Gallipoli ANZAC Day 2024 East Gippsland MP Tim Bull

SU N DAY, 14 DECEMBER 2025

Gallipoli Rosemary... Maureen Clifford © The #ScribblyBark Poet

Gallipoli Rosemary

The shells bursts were extensive as he flung himself defensive within a shallow hollow, face down 'neath a velvet sky. In khaki, soaked and dusty, wet with blood – metallic, rusty. Just hanging on for grim death as he didn’t want to die. With battle's roar and raging he quite expertly was gauging they hadn't made much progress. Johnny Turk had pinned them down. With pain excruciating he lay bleeding, tired and waiting for Simpson and his donkey and his last ride out of town. He woke as dawn was breaking, with cold and shock now shaking his wounded body, but his eyes still saw down on the shore bodies coloured red and khaki. All were still – then like the larks he began to sing soprano. Eulogies for those no more. He clutched a sprig there growing, what it was he wasn't knowing. He stuffed it in his pocket though he couldn’t tell you why.

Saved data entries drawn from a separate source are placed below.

(* Let $\pi_1,\pi_2,\pi_3$ be patterns such that $(\pi_1,\pi_2)$ and $(\pi_2,\pi_3)$ are chainable. Then (1) $(\pi_1,\pi_2*\pi_3)$ and $(\pi_1*\pi_2,\pi_3)$ are chainable; (2) $r(\pi_1,\pi_2*\pi_3)=r(\pi_1,\pi_2)$ and $r(\pi_1*\pi_2,\pi_3)=r(\pi_2,\pi_3)$; (3) $\pi_1*(\pi_2*\pi_3)=(\pi_1*\pi_2)*\pi_3$.
   Context: A pattern is a tuple $\pi=(a,b,c,d)$ of positive integers. Two patterns $\pi=(a,b,c,d)$, $\pi'=(a',b',c',d')$ are chainable if $ac/a'=b'd'/d$, this common value (denoted $r(\pi,\pi')$) is an integer, $a\mid a'$ and $d'\mid d$. For a chainable pair, $\pi*\pi':=(a,\,bd/d',\,a'c'/a,\,d')$. *)

theory Defs
  imports Main "HOL.Rat"
begin

type_synonym pattern = "nat \<times> nat \<times> nat \<times> nat"

definition is_pattern :: "pattern \<Rightarrow> bool" where
  "is_pattern p = (case p of (a, b, c, d) \<Rightarrow> a > 0 \<and> b > 0 \<and> c > 0 \<and> d > 0)"

definition ratio :: "pattern \<Rightarrow> pattern \<Rightarrow> rat" where
  "ratio p q = (case p of (a, b, c, d) \<Rightarrow> case q of (a', b', c', d') \<Rightarrow>
      of_nat (a * c) / of_nat a')"

definition chainable :: "pattern \<Rightarrow> pattern \<Rightarrow> bool" where
  "chainable p q = (case p of (a, b, c, d) \<Rightarrow> case q of (a', b', c', d') \<Rightarrow>
      of_nat (a * c) / of_nat a' = (of_nat (b' * d') / of_nat d :: rat)
      \<and> of_nat (a * c) / of_nat a' \<in> (\<int> :: rat set)
      \<and> a dvd a' \<and> d' dvd d)"

text \<open>pi * pi' = (a, b d / d', a' c' / a, d'); the divisions are exact for chainable pairs.\<close>
definition pstar :: "pattern \<Rightarrow> pattern \<Rightarrow> pattern" where
  "pstar p q = (case p of (a, b, c, d) \<Rightarrow> case q of (a', b', c', d') \<Rightarrow>
      (a, b * d div d', a' * c' div a, d'))"

end

theory Submission
  imports Defs
begin

text \<open>For a chainable pair the divisions in \<open>\<pi> * \<pi>'\<close> are exact, so the product is
  \<open>(a, b \<cdot> (d / d'), (a' / a) \<cdot> c', d')\<close> with integer quotients. Associativity of \<open>*\<close>
  is then the telescoping \<open>(d\<^sub>1 / d\<^sub>2)(d\<^sub>2 / d\<^sub>3) = d\<^sub>1 / d\<^sub>3\<close> (and likewise for the \<open>a\<^sub>i\<close>),
  and the ratio \<open>a c / a'\<close> is unchanged because \<open>a \<cdot> (a\<^sub>2 / a\<^sub>1) c\<^sub>2 = a\<^sub>2 c\<^sub>2\<close>.\<close>

lemma div_mult_div_cancel:
  fixes a b c :: "'a :: semidom_divide"
  assumes "c dvd b" and "b dvd a"
  shows "a div b * (b div c) = a div c"
proof (cases "b = 0")
  case True
  with assms show ?thesis by simp
next
  case False
  from assms obtain m k where b: "b = c * m" and a: "a = b * k" by blast
  with False have "c \<noteq> 0" by auto
  have "a div b = k" using False by (simp add: a)
  moreover have "b div c = m" "a div c = m * k"
    using \<open>c \<noteq> 0\<close> by (simp_all add: a b mult.assoc)
  ultimately show ?thesis by (simp add: mult.commute)
qed

lemma pstar_eq:
  assumes "a dvd a'" and "d' dvd d"
  shows "pstar (a, b, c, d) (a', b', c', d') = (a, b * (d div d'), a' div a * c', d')"
  using assms by (simp add: pstar_def div_mult_swap dvd_div_mult)

lemma chainable_dvd:
  assumes "chainable (a, b, c, d) (a', b', c', d')"
  shows "a dvd a'" and "d' dvd d"
  using assms by (simp_all add: chainable_def)

lemma ratio_pstar_right: "ratio p (pstar q s) = ratio p q"
  by (simp add: ratio_def pstar_def split: prod.split)

lemma ratio_pstar_left:
  assumes "a dvd a'"
  shows "ratio (pstar (a, b, c, d) (a', b', c', d')) s = ratio (a', b', c', d') s"
proof -
  have "a * (a' * c' div a) = a' * c'" using assms by simp
  then show ?thesis by (simp add: ratio_def pstar_def del: of_nat_mult split: prod.split)
qed

lemma pstar_assoc:
  assumes "a\<^sub>1 dvd a\<^sub>2" "a\<^sub>2 dvd a\<^sub>3" "d\<^sub>2 dvd d\<^sub>1" "d\<^sub>3 dvd d\<^sub>2"
  shows "pstar (a\<^sub>1, b\<^sub>1, c\<^sub>1, d\<^sub>1) (pstar (a\<^sub>2, b\<^sub>2, c\<^sub>2, d\<^sub>2) (a\<^sub>3, b\<^sub>3, c\<^sub>3, d\<^sub>3))
       = pstar (pstar (a\<^sub>1, b\<^sub>1, c\<^sub>1, d\<^sub>1) (a\<^sub>2, b\<^sub>2, c\<^sub>2, d\<^sub>2)) (a\<^sub>3, b\<^sub>3, c\<^sub>3, d\<^sub>3)"
proof -
  have "a\<^sub>1 dvd a\<^sub>3" "d\<^sub>3 dvd d\<^sub>1" using assms by (meson dvd_trans)+
  moreover have "a\<^sub>2 div a\<^sub>1 * (a\<^sub>3 div a\<^sub>2) = a\<^sub>3 div a\<^sub>1"
    using assms div_mult_div_cancel [of a\<^sub>1 a\<^sub>2 a\<^sub>3] by (simp add: mult.commute)
  ultimately show ?thesis
    using assms by (simp add: pstar_eq div_mult_div_cancel mult.assoc)
qed

lemma chainable_pstar_right:
  assumes "chainable (a\<^sub>1, b\<^sub>1, c\<^sub>1, d\<^sub>1) (a\<^sub>2, b\<^sub>2, c\<^sub>2, d\<^sub>2)"
    and "chainable (a\<^sub>2, b\<^sub>2, c\<^sub>2, d\<^sub>2) (a\<^sub>3, b\<^sub>3, c\<^sub>3, d\<^sub>3)"
  shows "chainable (a\<^sub>1, b\<^sub>1, c\<^sub>1, d\<^sub>1) (pstar (a\<^sub>2, b\<^sub>2, c\<^sub>2, d\<^sub>2) (a\<^sub>3, b\<^sub>3, c\<^sub>3, d\<^sub>3))"
proof -
  have "a\<^sub>2 dvd a\<^sub>3" "d\<^sub>3 dvd d\<^sub>2" using chainable_dvd [OF assms(2)] .
  then have "pstar (a\<^sub>2, b\<^sub>2, c\<^sub>2, d\<^sub>2) (a\<^sub>3, b\<^sub>3, c\<^sub>3, d\<^sub>3) =
      (a\<^sub>2, b\<^sub>2 * (d\<^sub>2 div d\<^sub>3), a\<^sub>3 div a\<^sub>2 * c\<^sub>3, d\<^sub>3)"
    by (rule pstar_eq)
  moreover have exact_div: "b\<^sub>2 * (d\<^sub>2 div d\<^sub>3) * d\<^sub>3 = b\<^sub>2 * d\<^sub>2"
    using \<open>d\<^sub>3 dvd d\<^sub>2\<close> by (simp add: mult.assoc)
  moreover have "d\<^sub>3 dvd d\<^sub>1"
    using \<open>d\<^sub>3 dvd d\<^sub>2\<close> chainable_dvd(2) [OF assms(1)] by (rule dvd_trans)
  ultimately show ?thesis
    using assms(1) by (auto simp add: chainable_def exact_div simp del: of_nat_mult)
qed

lemma chainable_pstar_left:
  assumes "chainable (a\<^sub>1, b\<^sub>1, c\<^sub>1, d\<^sub>1) (a\<^sub>2, b\<^sub>2, c\<^sub>2, d\<^sub>2)"
    and "chainable (a\<^sub>2, b\<^sub>2, c\<^sub>2, d\<^sub>2) (a\<^sub>3, b\<^sub>3, c\<^sub>3, d\<^sub>3)"
  shows "chainable (pstar (a\<^sub>1, b\<^sub>1, c\<^sub>1, d\<^sub>1) (a\<^sub>2, b\<^sub>2, c\<^sub>2, d\<^sub>2)) (a\<^sub>3, b\<^sub>3, c\<^sub>3, d\<^sub>3)"
proof -
  have "a\<^sub>1 dvd a\<^sub>2" "d\<^sub>2 dvd d\<^sub>1" using chainable_dvd [OF assms(1)] .
  then have "pstar (a\<^sub>1, b\<^sub>1, c\<^sub>1, d\<^sub>1) (a\<^sub>2, b\<^sub>2, c\<^sub>2, d\<^sub>2) =
      (a\<^sub>1, b\<^sub>1 * (d\<^sub>1 div d\<^sub>2), a\<^sub>2 div a\<^sub>1 * c\<^sub>2, d\<^sub>2)"
    by (rule pstar_eq)
  moreover have exact_div: "a\<^sub>1 * (a\<^sub>2 div a\<^sub>1 * c\<^sub>2) = a\<^sub>2 * c\<^sub>2"
    using \<open>a\<^sub>1 dvd a\<^sub>2\<close> by (simp flip: mult.assoc)
  moreover have "a\<^sub>1 dvd a\<^sub>3"
    using \<open>a\<^sub>1 dvd a\<^sub>2\<close> chainable_dvd(1) [OF assms(2)] by (rule dvd_trans)
  ultimately show ?thesis
    using assms(2) by (auto simp add: chainable_def exact_div simp del: of_nat_mult)
qed

theorem lemma4p7:
  fixes p1 p2 p3 :: pattern
  assumes "is_pattern p1" and "is_pattern p2" and "is_pattern p3"
    and "chainable p1 p2" and "chainable p2 p3"
  shows "chainable p1 (pstar p2 p3) \<and> chainable (pstar p1 p2) p3
    \<and> ratio p1 (pstar p2 p3) = ratio p1 p2 \<and> ratio (pstar p1 p2) p3 = ratio p2 p3
    \<and> pstar p1 (pstar p2 p3) = pstar (pstar p1 p2) p3"
proof -
  obtain a\<^sub>1 b\<^sub>1 c\<^sub>1 d\<^sub>1 where p1: "p1 = (a\<^sub>1, b\<^sub>1, c\<^sub>1, d\<^sub>1)" by (cases p1) auto
  obtain a\<^sub>2 b\<^sub>2 c\<^sub>2 d\<^sub>2 where p2: "p2 = (a\<^sub>2, b\<^sub>2, c\<^sub>2, d\<^sub>2)" by (cases p2) auto
  obtain a\<^sub>3 b\<^sub>3 c\<^sub>3 d\<^sub>3 where p3: "p3 = (a\<^sub>3, b\<^sub>3, c\<^sub>3, d\<^sub>3)" by (cases p3) auto
  note chain12 = assms(4) [unfolded p1 p2] and chain23 = assms(5) [unfolded p2 p3]
  show ?thesis
    unfolding p1 p2 p3
    using chainable_pstar_right [OF chain12 chain23] chainable_pstar_left [OF chain12 chain23]
      ratio_pstar_right ratio_pstar_left [OF chainable_dvd(1) [OF chain12]]
      pstar_assoc [OF chainable_dvd(1) [OF chain12] chainable_dvd(1) [OF chain23]
        chainable_dvd(2) [OF chain12] chainable_dvd(2) [OF chain23]]
    by blast
qed

end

Two medics with a stretcher said “Just hang on mate we’ll getcha from here as quick as lightning - you’ll be home soon, by and by.” On bloody field of battle where the deadly bullets rattle he’d left one leg behind him that would be of use no more. He brought back to Australia little of his old regalia except that sprig of Rosemary plucked from that brutal shore. Now old – he’s back in Sydney, near the bridge where as a kid he would often lark about with mates who’d died upon that beach beneath those cliffs so fearsome. And on stormy nights he hears them as thunder and the lightning bring them back within his reach. Beside the front verandah somewhere near the Jacaranda, a bush brimful of blossoms - blue, like periwinkle skies. Its blooms are shed post-mortem, like his old mates were in Autumn . Rosemary from Gallipoli brings tears into his eyes.